Publication Bias
The File Drawer Problem
The File Drawer Problem
“For every significant study published, there are 10 failed studies sitting in a file drawer.” – Rosenthal (1979)
If we only meta-analyze published studies (which tend to be significant), we overestimate the true effect size.
1. Visualizing Bias: The Funnel Plot
A Funnel Plot displays Effect Size (X-axis) vs. Precision (Y-axis).
- Symmetry: Indicates no bias (small studies scatter randomly L/R).
- Asymmetry (Missing Corner): Indicates bias (small, non-significant studies are missing).
Interactive Funnel Plot
We will simulate a “Biased” literature where small, non-significant studies were “censored” (never published).
2. Statistical Tests: Egger’s Regression
We can formally test for asymmetry using a regression.
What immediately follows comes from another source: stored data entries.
lemma inflation_phase_cyclic:
  assumes net: "bipartite_network n S adj" and "\<alpha> \<in> S" "i \<in> adj \<alpha>" "j \<in> adj \<alpha>" "i < j" and "d > 0"
  shows "inflation_phase S adj (cyclic_inflation adj d s) d i j = of_nat d * cnj (cis (2*pi/d) ^ s \<alpha>)"
proof -
  define \<omega> where "\<omega> = cis (2*pi/d)"
  have "Max (adj \<alpha>) = j"
    using adj_eq_doubleton[OF net assms(2-4)] assms(5) by simp
  have share: "infl_share S adj (cyclic_inflation adj d s) (i, k) (j, l) \<longleftrightarrow> k = cyclic_shift d (s \<alpha>) l"
    for k l
  proof -
    have "infl_share S adj (cyclic_inflation adj d s) (i, k) (j, l)
        \<longleftrightarrow> cyclic_inflation adj d s \<alpha> i k = cyclic_inflation adj d s \<alpha> j l"
      unfolding infl_share_def using shared_source_unique[OF net] assms(2-5) by auto
    then show ?thesis
      using \<open>Max (adj \<alpha>) = j\<close> \<open>i < j\<close> by (simp add: cyclic_inflation_def)
  qed
  have "inflation_phase S adj (cyclic_inflation adj d s) d i j
      = (\<Sum>l\<in>{1..d}. \<Sum>k\<in>{1..d}. if k = cyclic_shift d (s \<alpha>) l then cnj (\<omega> ^ k) * \<omega> ^ l else 0)"
    unfolding inflation_phase_def share \<omega>_def by (rule sum.swap)
  also have "\<dots> = (\<Sum>l\<in>{1..d}. cnj (\<omega> ^ cyclic_shift d (s \<alpha>) l) * \<omega> ^ l)"
    by (intro sum.cong refl) (simp only: sum.delta finite_atLeastAtMost cyclic_shift_in if_True)
  also have "\<dots> = (\<Sum>l\<in>{1..d}. cnj (\<omega> ^ s \<alpha>))"
  proof (rule sum.cong[OF refl])
    fix l
    assume "l \<in> {1..d}"
    then have shift: "\<omega> ^ cyclic_shift d (s \<alpha>) l = \<omega> ^ l * \<omega> ^ s \<alpha>"
      unfolding \<omega>_def by (rule cis_power_cyclic_shift)
    have "cnj (\<omega> ^ l) * \<omega> ^ l = 1"
      using cnj_power_mult_power_eq_1[of \<omega> l] by (simp add: \<omega>_def)
    then have "cnj (\<omega> ^ s \<alpha>) * (cnj (\<omega> ^ l) * \<omega> ^ l) = cnj (\<omega> ^ s \<alpha>)"
      by simp
    then show "cnj (\<omega> ^ cyclic_shift d (s \<alpha>) l) * \<omega> ^ l = cnj (\<omega> ^ s \<alpha>)"
      by (simp only: shift complex_cnj_mult mult_ac)
  qed
  finally show ?thesis
    by (simp add: \<omega>_def)
qed

lemma norm_diff_cyclic_inflation_phase_le:
  assumes net: "bipartite_network n S adj" and "d > 0"
    and s: "\<forall>\<alpha>\<in>S. cmod (cis (2*pi/d) ^ s \<alpha> - cnj (\<epsilon> \<alpha>)) \<le> 2*pi/d"
    and diag: "\<forall>i\<in>{1..n}. \<gamma> i i = 1"
    and up: "\<forall>\<alpha>\<in>S. \<forall>i\<in>adj \<alpha>. \<forall>j\<in>adj \<alpha>. i < j \<longrightarrow> \<gamma> i j = \<epsilon> \<alpha>"
    and low: "\<forall>\<alpha>\<in>S. \<forall>i\<in>adj \<alpha>. \<forall>j\<in>adj \<alpha>. i > j \<longrightarrow> \<gamma> i j = cnj (\<epsilon> \<alpha>)"
    and "i \<in> {1..n}" and "i = j \<or> share_source S adj i j"
  shows "cmod (\<gamma> i j - inflation_phase S adj (cyclic_inflation adj d s) d i j / d) \<le> 2*pi/d"
proof -
  define \<omega> where "\<omega> = cis (2*pi/d)"
  note \<pi> = valid_perms_cyclic_inflation[OF \<open>d > 0\<close>]
  consider "i = j" | \<alpha> where "\<alpha> \<in> S" "i \<in> adj \<alpha>" "j \<in> adj \<alpha>" "i < j"
    | \<alpha> where "\<alpha> \<in> S" "i \<in> adj \<alpha>" "j \<in> adj \<alpha>" "j < i"
    using assms(8) linorder_neqE_nat unfolding share_source_def by blast
  then show ?thesis
  proof cases
    case 1
    then show ?thesis
      using inflation_phase_diag[OF net \<pi> \<open>i \<in> {1..n}\<close>] diag \<open>i \<in> {1..n}\<close> \<open>d > 0\<close> by simp
  next
    case (2 \<alpha>)
    have "\<gamma> i j - inflation_phase S adj (cyclic_inflation adj d s) d i j / d = \<epsilon> \<alpha> - cnj (\<omega> ^ s \<alpha>)"
      using 2 up inflation_phase_cyclic[OF net 2 \<open>d > 0\<close>] \<open>d > 0\<close> by (simp add: \<omega>_def)
    also have "cmod \<dots> = cmod (\<omega> ^ s \<alpha> - cnj (\<epsilon> \<alpha>))"
      by (metis complex_cnj_cnj complex_cnj_diff complex_mod_cnj norm_minus_commute)
    finally show ?thesis
      using s 2 by (simp add: \<omega>_def)
  next
    case (3 \<alpha>)
    have "\<gamma> i j - inflation_phase S adj (cyclic_inflation adj d s) d i j / d = cnj (\<epsilon> \<alpha>) - \<omega> ^ s \<alpha>"
      using 3 low inflation_phase_cyclic[OF net 3(1,3,2,4) \<open>d > 0\<close>] \<open>d > 0\<close>
        inflation_phase_swap[of S adj "cyclic_inflation adj d s" d i j]
      by (simp add: \<omega>_def)
    then show ?thesis
      using s 3 by (simp add: \<omega>_def norm_minus_commute)
  qed
qed

section \<open>Approximating arbitrary phases\<close>

lemma Re_quad_form_schur_cyclic_phase_nonneg:
  fixes P :: "(nat \<Rightarrow> 'a::finite) pmf"
  assumes "bipartite_network n S adj" and "causally_consistent n S adj P Q" and "d \<ge> 2"
  shows "0 \<le> Re (quad_form n (schur_prod (covariance P f)
                 (\<lambda>i j. inflation_phase S adj (cyclic_inflation adj d s) d i j / d)) v)"
proof -
  have "schur_prod (covariance P f) (inflation_phase S adj (cyclic_inflation adj d s) d)
      = (\<lambda>i j. of_nat d * schur_prod (covariance P f)
                 (\<lambda>i j. inflation_phase S adj (cyclic_inflation adj d s) d i j / d) i j)"
    using assms(3) by (simp add: schur_prod_def fun_eq_iff)
  moreover have "0 \<le> Re (quad_form n (schur_prod (covariance P f)
                 (inflation_phase S adj (cyclic_inflation adj d s) d)) v)"
    using assms by (intro inflation_form_nonneg valid_perms_cyclic_inflation) simp_all
  ultimately show ?thesis
    using assms(3) by (simp add: quad_form_scale zero_le_mult_iff)
qed

lemma Re_quad_form_schur_lower_bound:
  fixes P :: "(nat \<Rightarrow> 'a::finite) pmf" and d :: nat
  assumes net: "bipartite_network n S adj" and model: "causally_consistent n S adj P Q"
    and eps: "\<forall>\<alpha>\<in>S. cmod (\<epsilon> \<alpha>) = 1"
    and diag: "\<forall>i\<in>{1..n}. \<gamma> i i = 1"
    and up: "\<forall>\<alpha>\<in>S. \<forall>i\<in>adj \<alpha>. \<forall>j\<in>adj \<alpha>. i < j \<longrightarrow> \<gamma> i j = \<epsilon> \<alpha>"
    and low: "\<forall>\<alpha>\<in>S. \<forall>i\<in>adj \<alpha>. \<forall>j\<in>adj \<alpha>. i > j \<longrightarrow> \<gamma> i j = cnj (\<epsilon> \<alpha>)"
    and d: "d \<ge> 2"
  shows "- (2*pi * (\<Sum>i\<in>{1..n}. \<Sum>j\<in>{1..n}. cmod (v i) * cmod (v j) * cmod (covariance P f i j))) / d
     \<le> Re (quad_form n (schur_prod (covariance P f) \<gamma>) v)"
proof -
  define C where "C = covariance P f"
  obtain s where s: "\<forall>\<alpha>\<in>S. cmod (cis (2*pi/d) ^ s \<alpha> - cnj (\<epsilon> \<alpha>)) \<le> 2*pi/d"
    using exists_root_of_unity_exponents[of S "\<lambda>\<alpha>. cnj (\<epsilon> \<alpha>)" d] eps d by auto
  define G where "G = (\<lambda>i j. inflation_phase S adj (cyclic_inflation adj d s) d i j / d)"
  have "cmod (schur_prod C \<gamma> i j - schur_prod C G i j) \<le> 2*pi/d * cmod (C i j)"
    if "i \<in> {1..n}" "j \<in> {1..n}" for i j
  proof (cases "i = j \<or> share_source S adj i j")
    case True
    have "cmod (schur_prod C \<gamma> i j - schur_prod C G i j) = cmod (C i j) * cmod (\<gamma> i j - G i j)"
      by (simp add: schur_prod_def norm_mult flip: right_diff_distrib)
    also have "\<dots> \<le> cmod (C i j) * (2*pi/d)"
      unfolding G_def using norm_diff_cyclic_inflation_phase_le[OF net _ s diag up low that(1) True] d
      by (intro mult_left_mono) simp_all
    finally show ?thesis
      by (simp add: mult.commute)
  next
    case False
    then show ?thesis
      using covariance_eq_0_if_no_shared_source[OF model that] by (simp add: C_def schur_prod_def)
  qed
  then have "Re (quad_form n (schur_prod C G) v)
      - 2*pi/d * (\<Sum>i\<in>{1..n}. \<Sum>j\<in>{1..n}. cmod (v i) * cmod (v j) * cmod (C i j))
      \<le> Re (quad_form n (schur_prod C \<gamma>) v)"
    by (rule Re_quad_form_ge_perturb)
  moreover have "0 \<le> Re (quad_form n (schur_prod C G) v)"
    unfolding C_def G_def using net model d by (rule Re_quad_form_schur_cyclic_phase_nonneg)
  ultimately show ?thesis
    unfolding C_def by simp
qed

theorem mainTheorem6:
  fixes n :: nat and S :: "'s set" and adj :: "'s \<Rightarrow> nat set"
    and P :: "(nat \<Rightarrow> 'a::finite) pmf"
    and Q :: "nat \<Rightarrow> ('s \<Rightarrow> nat \<Rightarrow> nat \<Rightarrow> nat) \<Rightarrow> (nat \<times> nat \<Rightarrow> 'a) pmf"
    and f :: "nat \<Rightarrow> 'a \<Rightarrow> complex"
    and \<epsilon> :: "'s \<Rightarrow> complex"
    and \<gamma> :: "nat \<Rightarrow> nat \<Rightarrow> complex"
  assumes net: "bipartite_network n S adj"
    and model: "causally_consistent n S adj P Q"
    and eps: "\<forall>\<alpha>\<in>S. cmod (\<epsilon> \<alpha>) = 1"
    and herm: "\<forall>i\<in>{1..n}. \<forall>j\<in>{1..n}. \<gamma> j i = cnj (\<gamma> i j)"
    and diag: "\<forall>i\<in>{1..n}. \<gamma> i i = 1"
    and up: "\<forall>\<alpha>\<in>S. \<forall>i\<in>adj \<alpha>. \<forall>j\<in>adj \<alpha>. i < j \<longrightarrow> \<gamma> i j = \<epsilon> \<alpha>"
    and low: "\<forall>\<alpha>\<in>S. \<forall>i\<in>adj \<alpha>. \<forall>j\<in>adj \<alpha>. i > j \<longrightarrow> \<gamma> i j = cnj (\<epsilon> \<alpha>)"
  shows "psd n (schur_prod (covariance P f) \<gamma>)"
proof -
  have hermitian: "\<forall>i\<in>{1..n}. \<forall>j\<in>{1..n}.
      schur_prod (covariance P f) \<gamma> j i = cnj (schur_prod (covariance P f) \<gamma> i j)"
    using covariance_swap herm by (intro hermitian_schur_prod) blast+
  have nonneg: "0 \<le> Re (quad_form n (schur_prod (covariance P f) \<gamma>) v)" for v
    by (rule nonneg_if_ge_neg_const_over_nat)
      (rule Re_quad_form_schur_lower_bound[OF net model eps diag up low])
  have real: "Im (quad_form n (schur_prod (covariance P f) \<gamma>) v) = 0" for v
    using hermitian by (rule quad_form_real_if_hermitian)
  show ?thesis
    unfolding psd_iff_quad_form by (intro conjI allI hermitian nonneg real)
qed

end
\[ EffectSize = \beta_0 + \beta_1(StandardError) \]
If \(\beta_1\) is significant, small studies have different effects than large ones -> Bias.
3. The Solution: Trim-and-Fill
“The trim and fill method estimates the number of missing null studies from meta-analysis.”
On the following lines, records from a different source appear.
lemma tword_not_A:
  assumes "tword i \<noteq> A"
  shows "0 < i" "tword (i - 1) = A" "tword (Suc i) = A"
proof -
  obtain j where j: "sigma_pos j \<le> i" "i < sigma_pos (Suc j)"
    using sigma_pos_cover by blast
  have "i \<noteq> sigma_pos j"
    using assms by auto
  with j have "i = Suc (sigma_pos j)" "sigma_pos (Suc j) = Suc i"
    by (auto simp: sigma_pos_Suc split: if_splits)
  then show "0 < i" "tword (i - 1) = A" "tword (Suc i) = A"
    by (metis diff_Suc_1 tword_sigma_pos zero_less_Suc)+
qed

lemma no_AAA: "\<not> (tword i = A \<and> tword (i + 1) = A \<and> tword (i + 2) = A)"
proof
  assume AAA: "tword i = A \<and> tword (i + 1) = A \<and> tword (i + 2) = A"
  then obtain j where j: "i = sigma_pos j"
    using tword_eq_A_iff by blast
  have "tword j = C"
    using AAA j by (cases "tword j") auto
  then have j1: "i + 1 = sigma_pos (Suc j)"
    using j by (simp add: sigma_pos_Suc)
  have "tword (Suc j) = C"
    using AAA j1 tword_Suc_sigma_pos[of "Suc j"] by (cases "tword (Suc j)") auto
  with \<open>tword j = C\<close> show False
    using tword_not_A(3)[of j] by simp
qed

lemma sigma_pos_add_2: "sigma_pos j + 3 \<le> sigma_pos (j + 2)"
proof -
  have "\<not> (tword j = C \<and> tword (Suc j) = C)"
    using tword_not_A(3)[of j] by auto
  then show ?thesis
    by (auto simp: numeral_2_eq_2 sigma_pos_Suc)
qed

section \<open>Periods and maximal runs\<close>

definition tfactor :: "nat \<Rightarrow> nat \<Rightarrow> letter list" where
  "tfactor i n = map tword [i..<i + n]"

lemma length_tfactor [simp]: "length (tfactor i n) = n"
  by (simp add: tfactor_def)

lemma nth_tfactor: "l < n \<Longrightarrow> tfactor i n ! l = tword (i + l)"
  by (simp add: tfactor_def)

lemma tfactor_eq_iff: "tfactor i n = tfactor j n \<longleftrightarrow> (\<forall>l<n. tword (i + l) = tword (j + l))"
  by (auto simp: list_eq_iff_nth_eq nth_tfactor)

lemma tfactor_add: "tfactor i (a + b) = tfactor i a @ tfactor (i + a) b"
proof -
  have "[i..<i + a + b] = [i..<i + a] @ [i + a..<i + a + b]"
    by (rule upt_add_eq_append) simp
  then show ?thesis
    by (simp add: tfactor_def add.assoc)
qed

lemma tprefix_add: "tprefix (a + b) = tprefix a @ tfactor a b"
  by (simp add: tprefix_def tfactor_def upt_add_eq_append[of 0 a])

lemma tfactor_sigma_pos:
  "sigma_pos (j + m) = sigma_pos j + length (sigma (tfactor j m))"
  "tfactor (sigma_pos j) (sigma_pos (j + m) - sigma_pos j) = sigma (tfactor j m)"
proof -
  have split: "tprefix (sigma_pos (j + m)) = tprefix (sigma_pos j) @ sigma (tfactor j m)"
    by (simp add: tprefix_sigma_pos tprefix_add)
  then show len: "sigma_pos (j + m) = sigma_pos j + length (sigma (tfactor j m))"
    by (metis length_append length_tprefix)
  show "tfactor (sigma_pos j) (sigma_pos (j + m) - sigma_pos j) = sigma (tfactor j m)"
    using split tprefix_add[of "sigma_pos j" "sigma_pos (j + m) - sigma_pos j"] len by simp
qed

lemma tfactor_sigma_pos_append_A:
  "tfactor (sigma_pos j) (sigma_pos (j + m) - sigma_pos j + 1) = sigma (tfactor j m) @ [A]"
proof -
  have "tfactor (sigma_pos j) (sigma_pos (j + m) - sigma_pos j + 1)
      = tfactor (sigma_pos j) (sigma_pos (j + m) - sigma_pos j) @ tfactor (sigma_pos (j + m)) 1"
    using tfactor_add[of "sigma_pos j" "sigma_pos (j + m) - sigma_pos j" 1] by simp
  also have "tfactor (sigma_pos (j + m)) 1 = [A]"
    by (simp add: tfactor_def)
  finally show ?thesis
    by (simp only: tfactor_sigma_pos(2))
qed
- Logic: It iteratively removes (trims) the most extreme small studies from the positive side of the funnel plot, re-estimates the effect size, and then adds back (fills) the original studies plus their mirror images on the negative side.
- Result: A symmetric funnel plot and an adjusted (often lower) Effect Size estimate.
4. Fail Safe N
Also called the File Drawer Analysis (Rosenthal, 1979).
Definition: “The number of null studies that have to be added for the overall effect to be reduced to Non-Significant.”
- Interpretation: If Fail Safe N is large (e.g., > 100), the results are robust. If small (e.g., < 10), the results are fragile.